Manufacturers employ varied approaches to
interfacing their plant’s Distributed Control System (DCS), Programmable Logic
Controller (PLC), or relay system with the Safety Instrumented System (SIS).
The primary function of a DCS or PLC is to hold specific process variables to
predetermined levels in a dynamic environment, while a SIS is a static system
that takes action when a process is out of control and the control system is
unable to operate within safe limits.
Due to the costs associated with maintaining
separate engineering, operation, and maintenance infrastructure for control and
safety systems, many companies are now considering a more integrated
architecture.
Background
In 1998, the International Electrotechnical
Commission (IEC) published IEC 61508, “Functional safety of
electrical/electronic/programmable electronic safety-related systems.” This
document set the standards for safety-related system design of hardware and
software. IEC 61508 is a generic functional safety standard, providing the
framework and core requirements for sector-specific standards. These include
IEC 61511: 2003, “Functional safety: Safety instrumented systems for the
process industry sector,” a three-part series of standards that provides
good engineering practices for the application of SIS technology in the process
sector.
ANSI/ISA-84.00.01 was issued as the U.S.
For existing safety instrumented systems (SIS)

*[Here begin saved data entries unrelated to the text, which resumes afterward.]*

lemma ann_cre:
  fixes m n :: "'x::{finite,linorder} \<times> bool"
  shows "ann n (cre m \<Psi>) S = (if n = m then \<Psi> S else 0) - cre m (ann n \<Psi>) S"
proof (cases "n = m")
  case True
  show ?thesis
  proof (cases "m \<in> S")
    case mS: True
    have "insert m (S - {m}) = S" using mS by auto
    then have "cre m (ann n \<Psi>) S = \<Psi> S"
      unfolding cre_def ann_def using mS True fsign_mult_self[of m "S - {m}"]
      by (simp add: mult.assoc[symmetric])
    moreover have "ann n (cre m \<Psi>) S = 0" unfolding ann_def using mS True by simp
    ultimately show ?thesis using True by simp
  next
    case mS: False
    have "insert m S - {m} = S" using mS by auto
    then have "ann n (cre m \<Psi>) S = \<Psi> S"
      unfolding cre_def ann_def using mS True fsign_mult_self[of m S]
      by (simp add: mult.assoc[symmetric])
    moreover have "cre m (ann n \<Psi>) S = 0" unfolding cre_def using mS by simp
    ultimately show ?thesis using True by simp
  qed
next
  case n_ne_m: False
  show ?thesis
  proof (cases "m \<in> S \<and> n \<notin> S")
    case True
    have s1: "fsign n S = (if m < n then -1 else 1) * fsign n (S - {m})"
      using fsign_insert[of m "S - {m}" n] True by (simp add: insert_absorb)
    have s2: "fsign m (insert n (S - {m})) = (if n < m then -1 else 1) * fsign m (S - {m})"
      using True by (intro fsign_insert) auto
    have "insert n S - {m} = insert n (S - {m})" using n_ne_m by auto
    then have l: "ann n (cre m \<Psi>) S = fsign n S * (fsign m (insert n (S - {m})) * \<Psi> (insert n (S - {m})))"
      unfolding cre_def ann_def using True n_ne_m by simp
    have r: "cre m (ann n \<Psi>) S = fsign m (S - {m}) * (fsign n (S - {m}) * \<Psi> (insert n (S - {m})))"
      unfolding cre_def ann_def using True n_ne_m by simp
    have "m < n \<or> n < m" using n_ne_m by auto
    then show ?thesis using n_ne_m unfolding l r s1 s2 by auto
  next
    case False
    then show ?thesis unfolding ann_def cre_def using n_ne_m by auto
  qed
qed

designed and constructed in accordance with codes, standards, or practices
prior to the issuance of this standard (e.g., ANSI/ISA-84.01-1996), the
owner/operator shall determine and document that the equipment is designed,
maintained, inspected, tested, and operated in a safe manner.
The European standards body, CENELEC, has adopted
the standard as EN 61511. This means in each of the member states of the
European Union, the standard is published as a national standard.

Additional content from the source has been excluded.